La sfida di sabato sera tra Juventus e Roma andrà in onda sulla nuova emittente televisiva che da quest’anno ha affiancato Sky nell’acquisizione dei diritti tv della Serie A. Queste le parole di Daniele De Rossi a pochi giorni dalla gara di Torino: “Abbiamo talmente tanta pressione ultimamente che non viviamo bene l’attesa di Juve-Roma. Abbiamo tanti pesi sulla schiena, siamo in un momento delicato perchè sappiamo che dobbiamo fare meglio di quello che stiamo facendo. Siamo tutti sotto osservazione, mister compreso, e lo sappiamo. Vogliamo fare una grande partita più per noi che per l’importanza della sfida stessa. Poi se andiamo nel dettaglio sappiamo che le pressioni non sono solo sulla nostra situazione di gioco, ma anche per l’avversario che avremo, il più forte che c’è”.

Daniele De Rossi poi ripercorre la carriera fatta fin qui: “Quando ero piccolo avrei firmato in qualsiasi modo per fare la meta’ delle partite che ho fatto in serie A, sono un privilegiato. Ho fatto il lavoro che amavo, nella citta’ che amavo, con le persone che amo. Mi pesa guardare sotto il burrone, perchè la fine è vicina, soprattutto in questo momento di infortunio, ho assaporato cosa significa stare lontano dalla squadra. So che mi farà male quando smetterò definitivamente di fare questo lavoro. Che manchino sei mesi, un anno, o tre anni, comunque nell’arco di una carriera siamo agli sgoccioli”.

De Rossi è alle prese con un infortunio che sembra preoccuparlo ancora: “E’ l’infortunio più grave della mia carriera. Si parla di cartilagine, ho subito una lesione grave. Sarebbe gravissimo se si dovesse rompere ancora a 35 anni. Ci vuole tempo, ho ripreso a correre e a calciare ma sono ancora indietro”.

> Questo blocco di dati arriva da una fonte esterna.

(* Let $\mathbf{x}=x_1,\ldots,x_n$ and $\mathbf{u}=u_1,\ldots,u_m$ be differential indeterminates over $\mathbb{C}$, and let $\mathbf{f}=f_1,\ldots,f_n\in\mathbb{C}[\mathbf{x},\mathbf{u}]$ and $\mathbf{g}=g_1,\ldots,g_s\in\mathbb{C}[\mathbf{x},\mathbf{u}]$ be polynomials such that the polynomial ideal $(\mathbf{g})\subseteq\mathbb{C}[\mathbf{x},\mathbf{u}]$ is radical and $0$-dimensional. Then $$1\in[\dot{\mathbf{x}}-\mathbf{f},\mathbf{g}]\subseteq\mathbb{C}\{\mathbf{x},\mathbf{u}\}\quad\Longleftrightarrow\quad 1\in(\dot{\mathbf{x}}-\mathbf{f},\mathbf{g},\dot{\mathbf{g}})\subseteq\mathbb{C}[\mathbf{x},\mathbf{u},\dot{\mathbf{x}},\dot{\mathbf{u}}].$$
   Context: $\mathbb{C}\{\mathbf{x},\mathbf{u}\}$ is the differential polynomial ring $\mathbb{C}[x_j^{(p)},u_k^{(p)}: p\in\mathbb{N}_0]$ with derivation $x_j^{(p)}\mapsto x_j^{(p+1)}$, $u_k^{(p)}\mapsto u_k^{(p+1)}$, and $\mathbb{C}$ as constants; $\dot{z}$ denotes $z^{(1)}$, and for a family of polynomials $\mathbf{h}$, $\dot{\mathbf{h}}$ denotes the family of their (total) derivatives. $[\mathbf{h}]$ denotes the differential ideal generated by $\mathbf{h}$, and $(\cdot)$ the ordinary polynomial ideal in the indicated polynomial ring. $\dot{\mathbf{x}}-\mathbf{f}$ denotes $\dot x_1-f_1,\ldots,\dot x_n-f_n$. *)

theory Defs
  imports Complex_Main "HOL-Library.Poly_Mapping"
begin

text \<open>Differential indeterminates: X j p is x_j^(p), U k p is u_k^(p).\<close>
datatype dvar = X nat nat | U nat nat

type_synonym dpoly = "(dvar \<Rightarrow>\<^sub>0 nat) \<Rightarrow>\<^sub>0 complex"

definition pvar :: "dvar \<Rightarrow> dpoly" where
  "pvar v = Poly_Mapping.single (Poly_Mapping.single v 1) 1"

definition pconst :: "complex \<Rightarrow> dpoly" where
  "pconst c = Poly_Mapping.single 0 c"

definition vars :: "dpoly \<Rightarrow> dvar set" where
  "vars p = \<Union> (Poly_Mapping.keys ` Poly_Mapping.keys p)"

fun shift :: "dvar \<Rightarrow> dvar" where
  "shift (X j p) = X j (Suc p)"
| "shift (U k p) = U k (Suc p)"

text \<open>Total derivative: the C-linear derivation extending shift (Leibniz rule on monomials).\<close>
definition deriv :: "dpoly \<Rightarrow> dpoly" where
  "deriv q = (\<Sum>mo\<in>Poly_Mapping.keys q. \<Sum>v\<in>Poly_Mapping.keys (mo :: dvar \<Rightarrow>\<^sub>0 nat).
      Poly_Mapping.single (mo - Poly_Mapping.single v 1 + Poly_Mapping.single (shift v) 1)
        (Poly_Mapping.lookup q mo * of_nat (Poly_Mapping.lookup mo v)))"

definition polyring :: "dvar set \<Rightarrow> dpoly set" where
  "polyring V = {p. vars p \<subseteq> V}"

definition ideal_in :: "dpoly set \<Rightarrow> dpoly set \<Rightarrow> dpoly set" where
  "ideal_in R S = {p. \<exists>F c. finite F \<and> F \<subseteq> S \<and> (\<forall>q\<in>F. c q \<in> R) \<and> p = (\<Sum>q\<in>F. c q * q)}"

definition diff_ideal_in :: "dpoly set \<Rightarrow> dpoly set \<Rightarrow> dpoly set" where
  "diff_ideal_in R S = ideal_in R {(deriv ^^ k) h | h k. h \<in> S}"

definition radical_in :: "dpoly set \<Rightarrow> dpoly set \<Rightarrow> bool" where
  "radical_in R I \<longleftrightarrow> (\<forall>p\<in>R. \<forall>k. p ^ k \<in> I \<longrightarrow> p \<in> I)"

text \<open>Zero-dimensional: R/I is a finite-dimensional C-vector space.\<close>
definition zero_dim_in :: "dpoly set \<Rightarrow> dpoly set \<Rightarrow> bool" where
  "zero_dim_in R I \<longleftrightarrow> (\<exists>B. finite B \<and> B \<subseteq> R \<and>
      (\<forall>p\<in>R. \<exists>a. p - (\<Sum>b\<in>B. pconst (a b) * b) \<in> I))"
(* Let $|\psi\rangle$ be a normalized pure three-qubit state such that the reduced density matrix of one of its qubits is maximally mixed (equal to $\frac12 I$). Then $G(|\psi\rangle)^2=\frac12$. In particular $G(|\mathrm{GHZ}\rangle)^2=\frac12$ for $|\mathrm{GHZ}\rangle=\frac{1}{\sqrt2}(|000\rangle+|111\rangle)$.
   Context: For a normalized pure three-qubit state, $G(|\psi\rangle):=\max|\langle a|\langle b|\langle c|\psi\rangle|$ over all normalized single-qubit states $|a\rangle,|b\rangle,|c\rangle$. *)

theory Defs
  imports Complex_Main
begin

text \<open>Computational basis of a qubit indexed by bool (False = 0, True = 1).\<close>

definition qubit_normalized :: "(bool \<Rightarrow> complex) \<Rightarrow> bool" where
  "qubit_normalized a \<longleftrightarrow> (\<Sum>i\<in>UNIV. (cmod (a i))\<^sup>2) = 1"

definition state3_normalized :: "(bool \<Rightarrow> bool \<Rightarrow> bool \<Rightarrow> complex) \<Rightarrow> bool" where
  "state3_normalized \<psi> \<longleftrightarrow> (\<Sum>i\<in>UNIV. \<Sum>j\<in>UNIV. \<Sum>k\<in>UNIV. (cmod (\<psi> i j k))\<^sup>2) = 1"

definition overlap3 :: "(bool \<Rightarrow> complex) \<Rightarrow> (bool \<Rightarrow> complex) \<Rightarrow> (bool \<Rightarrow> complex)
    \<Rightarrow> (bool \<Rightarrow> bool \<Rightarrow> bool \<Rightarrow> complex) \<Rightarrow> complex" where
  "overlap3 a b c \<psi> = (\<Sum>i\<in>UNIV. \<Sum>j\<in>UNIV. \<Sum>k\<in>UNIV.
      cnj (a i) * cnj (b j) * cnj (c k) * \<psi> i j k)"

definition G :: "(bool \<Rightarrow> bool \<Rightarrow> bool \<Rightarrow> complex) \<Rightarrow> real" where
  "G \<psi> = (SUP abc \<in> {(a, b, c). qubit_normalized a \<and> qubit_normalized b \<and> qubit_normalized c}.
      cmod (overlap3 (fst abc) (fst (snd abc)) (snd (snd abc)) \<psi>))"

definition rho1 :: "(bool \<Rightarrow> bool \<Rightarrow> bool \<Rightarrow> complex) \<Rightarrow> bool \<Rightarrow> bool \<Rightarrow> complex" where
  "rho1 \<psi> i i' = (\<Sum>j\<in>UNIV. \<Sum>k\<in>UNIV. \<psi> i j k * cnj (\<psi> i' j k))"

definition rho2 :: "(bool \<Rightarrow> bool \<Rightarrow> bool \<Rightarrow> complex) \<Rightarrow> bool \<Rightarrow> bool \<Rightarrow> complex" where
  "rho2 \<psi> j j' = (\<Sum>i\<in>UNIV. \<Sum>k\<in>UNIV. \<psi> i j k * cnj (\<psi> i j' k))"

definition rho3 :: "(bool \<Rightarrow> bool \<Rightarrow> bool \<Rightarrow> complex) \<Rightarrow> bool \<Rightarrow> bool \<Rightarrow> complex" where
  "rho3 \<psi> k k' = (\<Sum>i\<in>UNIV. \<Sum>j\<in>UNIV. \<psi> i j k * cnj (\<psi> i j k'))"

definition half_identity :: "bool \<Rightarrow> bool \<Rightarrow> complex" where
  "half_identity i i' = (if i = i' then 1/2 else 0)"

definition GHZ :: "bool \<Rightarrow> bool \<Rightarrow> bool \<Rightarrow> complex" where
  "GHZ i j k = (if i = j \<and> j = k then complex_of_real (1 / sqrt 2) else 0)"

end

theory Submission
  imports Defs "HOL-Analysis.Convex"
begin

(* Contracting psi with a vector alpha on the first qubit gives a 2x2 matrix
   X_alpha(j,k) = sum_i alpha_i psi(i,j,k), and <a b c|psi> = <b c|X_conj(a)>.
   If rho1 psi = I/2, the Frobenius norm satisfies |X_alpha|^2 = |alpha|^2 / 2.

   Upper bound: by Cauchy-Schwarz |<b c|X>|^2 <= |b|^2 |c|^2 |X|^2, hence every
   overlap with a product state has squared modulus at most 1/2.
   Lower bound: det X_alpha is a binary quadratic form in alpha, so it has a
   nontrivial complex zero; for that alpha the matrix X_alpha has rank one,
   X_alpha = x (x) y, and the normalised x, y realise |<b c|X_alpha>|^2 = |X_alpha|^2 = 1/2. *)

definition sqnorm :: "('a::finite \<Rightarrow> complex) \<Rightarrow> real" where
  "sqnorm x = (\<Sum>i\<in>UNIV. (cmod (x i))\<^sup>2)"

definition frob2 :: "('a::finite \<Rightarrow> 'b::finite \<Rightarrow> complex) \<Rightarrow> real" where
  "frob2 X = (\<Sum>j\<in>UNIV. \<Sum>k\<in>UNIV. (cmod (X j k))\<^sup>2)"

definition overlap2 :: "('a::finite \<Rightarrow> complex) \<Rightarrow> ('b::finite \<Rightarrow> complex)
    \<Rightarrow> ('a \<Rightarrow> 'b \<Rightarrow> complex) \<Rightarrow> complex" where
  "overlap2 b c X = (\<Sum>j\<in>UNIV. \<Sum>k\<in>UNIV. cnj (b j) * cnj (c k) * X j k)"

lemma qubit_normalized_iff_sqnorm: "qubit_normalized a \<longleftrightarrow> sqnorm a = 1"
  by (simp add: qubit_normalized_def sqnorm_def)

lemma sqnorm_divide: "sqnorm (\<lambda>i. x i / s) = sqnorm x / (cmod s)\<^sup>2"
  by (simp add: sqnorm_def norm_divide power_divide sum_divide_distrib)

lemma sqnorm_eq_0_iff: "sqnorm x = 0 \<longleftrightarrow> x = (\<lambda>_. 0)"
  by (simp add: sqnorm_def sum_nonneg_eq_0_iff fun_eq_iff)

lemma sqnorm_nonneg: "sqnorm x \<ge> 0"
  by (simp add: sqnorm_def sum_nonneg)

lemma sqnorm_normalize:
  assumes "x \<noteq> (\<lambda>_. 0)"
  shows "sqnorm (\<lambda>i. x i / of_real (sqrt (sqnorm x))) = 1"
proof -
  have "sqnorm x \<noteq> 0" using assms sqnorm_eq_0_iff by blast
  then show ?thesis using sqnorm_nonneg[of x] by (simp add: sqnorm_divide)
qed

lemma inner_normalized_self:
  "(\<Sum>i\<in>UNIV. cnj (x i / of_real (sqrt (sqnorm x))) * x i) = of_real (sqrt (sqnorm x))"
proof -
  have "(\<Sum>i\<in>UNIV. cnj (x i / of_real (sqrt (sqnorm x))) * x i)
      = (\<Sum>i\<in>UNIV. of_real ((cmod (x i))\<^sup>2)) / of_real (sqrt (sqnorm x))"
    by (simp only: sum_divide_distrib complex_norm_square complex_cnj_divide)
       (simp add: mult.commute)
  also have "\<dots> = of_real (sqnorm x / sqrt (sqnorm x))"
    by (simp add: sqnorm_def)
  also have "sqnorm x / sqrt (sqnorm x) = sqrt (sqnorm x)"
    using sqnorm_nonneg[of x] by (simp add: real_div_sqrt)
  finally show ?thesis .
qed

lemma cmod_sum_mult_Cauchy_Schwarz:
  "(cmod (\<Sum>i\<in>A. u i * v i))\<^sup>2 \<le> (\<Sum>i\<in>A. (cmod (u i))\<^sup>2) * (\<Sum>i\<in>A. (cmod (v i))\<^sup>2)"
proof -
  have "cmod (\<Sum>i\<in>A. u i * v i) \<le> (\<Sum>i\<in>A. cmod (u i) * cmod (v i))"
    using norm_sum[of "\<lambda>i. u i * v i" A] by (simp add: norm_mult)
  then have "(cmod (\<Sum>i\<in>A. u i * v i))\<^sup>2 \<le> (\<Sum>i\<in>A. cmod (u i) * cmod (v i))\<^sup>2"
    by (simp add: power_mono)
  also have "\<dots> \<le> (\<Sum>i\<in>A. (cmod (u i))\<^sup>2) * (\<Sum>i\<in>A. (cmod (v i))\<^sup>2)"
    by (rule Cauchy_Schwarz_ineq_sum)
  finally show ?thesis .
qed

lemma sum_UNIV_pairs:
  "(\<Sum>j\<in>UNIV. \<Sum>k\<in>UNIV. f j k) = (\<Sum>p\<in>UNIV. f (fst p) (snd p))"
  unfolding sum.cartesian_product UNIV_Times_UNIV by (simp add: case_prod_unfold)

lemma overlap2_bound: "(cmod (overlap2 b c X))\<^sup>2 \<le> sqnorm b * sqnorm c * frob2 X"
proof -
  define u where "u p = cnj (b (fst p)) * cnj (c (snd p))" for p :: "'a \<times> 'b"
  define v where "v p = X (fst p) (snd p)" for p :: "'a \<times> 'b"
  have "overlap2 b c X = (\<Sum>p\<in>UNIV. u p * v p)"
    unfolding overlap2_def sum_UNIV_pairs u_def v_def ..
  moreover have "(\<Sum>p\<in>UNIV. (cmod (u p))\<^sup>2) = sqnorm b * sqnorm c"
    unfolding sqnorm_def sum_product sum_UNIV_pairs u_def
    by (simp add: norm_mult power_mult_distrib)
  moreover have "(\<Sum>p\<in>UNIV. (cmod (v p))\<^sup>2) = frob2 X"
    unfolding frob2_def sum_UNIV_pairs v_def ..
  ultimately show ?thesis
    using cmod_sum_mult_Cauchy_Schwarz[of u v UNIV] by simp
qed

lemma overlap2_tensor:
  "overlap2 b c (\<lambda>j k. x j * y k) = (\<Sum>j\<in>UNIV. cnj (b j) * x j) * (\<Sum>k\<in>UNIV. cnj (c k) * y k)"
  by (simp add: overlap2_def sum_product algebra_simps)

lemma frob2_tensor: "frob2 (\<lambda>j k. x j * y k) = sqnorm x * sqnorm y"
  by (simp add: frob2_def sqnorm_def sum_product norm_mult power_mult_distrib)

lemma overlap2_tensor_attains:
  assumes "x \<noteq> (\<lambda>_. 0)" "y \<noteq> (\<lambda>_. 0)"
  shows "\<exists>b c. sqnorm b = 1 \<and> sqnorm c = 1
           \<and> (cmod (overlap2 b c (\<lambda>j k. x j * y k)))\<^sup>2 = frob2 (\<lambda>j k. x j * y k)"
proof (intro exI conjI)
  let ?b = "\<lambda>j. x j / of_real (sqrt (sqnorm x))" and ?c = "\<lambda>k. y k / of_real (sqrt (sqnorm y))"
  show "sqnorm ?b = 1" "sqnorm ?c = 1" using assms by (simp_all add: sqnorm_normalize)
  have "overlap2 ?b ?c (\<lambda>j k. x j * y k) = of_real (sqrt (sqnorm x) * sqrt (sqnorm y))"
    unfolding overlap2_tensor inner_normalized_self by simp
  then show "(cmod (overlap2 ?b ?c (\<lambda>j k. x j * y k)))\<^sup>2 = frob2 (\<lambda>j k. x j * y k)"
    by (simp add: frob2_tensor norm_mult power_mult_distrib sqnorm_nonneg)
qed

definition det2 :: "(bool \<Rightarrow> bool \<Rightarrow> complex) \<Rightarrow> complex" where
  "det2 M = M False False * M True True - M False True * M True False"

lemma rank_one_of_det2_zero:
  assumes det: "det2 M = 0" and nonzero: "M \<noteq> (\<lambda>_ _. 0)"
  shows "\<exists>x y. x \<noteq> (\<lambda>_. 0) \<and> y \<noteq> (\<lambda>_. 0) \<and> M = (\<lambda>j k. x j * y k)"
proof -
  obtain j0 k0 where nz: "M j0 k0 \<noteq> 0"
    using nonzero by (auto simp: fun_eq_iff)
  have minors: "M j k * M j0 k0 = M j k0 * M j0 k" for j k
    using det by (cases j; cases k; cases j0; cases k0) (simp_all add: det2_def algebra_simps)
  define x where "x j = M j k0" for j
  define y where "y k = M j0 k / M j0 k0" for k
  have "M = (\<lambda>j k. x j * y k)"
    using minors nz by (simp add: fun_eq_iff x_def y_def field_simps)
  moreover have "x j0 \<noteq> 0" "y k0 \<noteq> 0"
    using nz by (simp_all add: x_def y_def)
  ultimately show ?thesis by (metis (mono_tags))
qed

lemma overlap2_attains_frob2:
  assumes "det2 X = 0" "X \<noteq> (\<lambda>_ _. 0)"
  shows "\<exists>b c. sqnorm b = 1 \<and> sqnorm c = 1 \<and> (cmod (overlap2 b c X))\<^sup>2 = frob2 X"
  using rank_one_of_det2_zero[OF assms] overlap2_tensor_attains by blast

Poi un commento sulla rosa attuale della Roma: “La squadra è forte, i nuovi che sono arrivati sono forti. L’errore che abbiamo fatto è stato quello di parlare troppo dei giocatori che sono partiti. Il dolore per quelli che sono partiti rimane ancora oggi, ma doveva essere assimilato in maniera più sciolta. A livello di singoli le cose stanno migliorando e si stanno integrando bene”.

In settimana intanto ha scoperto che ci sarà il Porto negli ottavi di Champions League: “E’ l’inizio di un sogno e una pagina nera della mia carriera. Sono stato espulso, un rosso che ci ha penalizzato in una gara già complicata un paio di anni fa. E’ un peso che sento e ho sentito tanto dentro di me. Ora rimane solo l’avversaria che ci divide dalle prime otto di Europa”.

Il futuro sembra vederlo sempre più in panchina come allenatore“Ho questo sogno di fare l’allenatore e se devo pensare a tutte le cose che deve fare un allenatore, la cosa che mi spaventa di più è quella di dover fare 100 interviste a settimana. Mio padre mi dice che fare l’allenatore è bello, ma è un lavoraccio (ride, ndr). Lui è un maestro proprio perché non ha avuto mai l’ambizione di diventare il nuovo Guardiola, Sacchi o Mourinho. Da lui posso imparare tante cose, anche come si sta al mondo quotidianamente. Non so se sarò capace ma viaggerò e studierò per imparare”.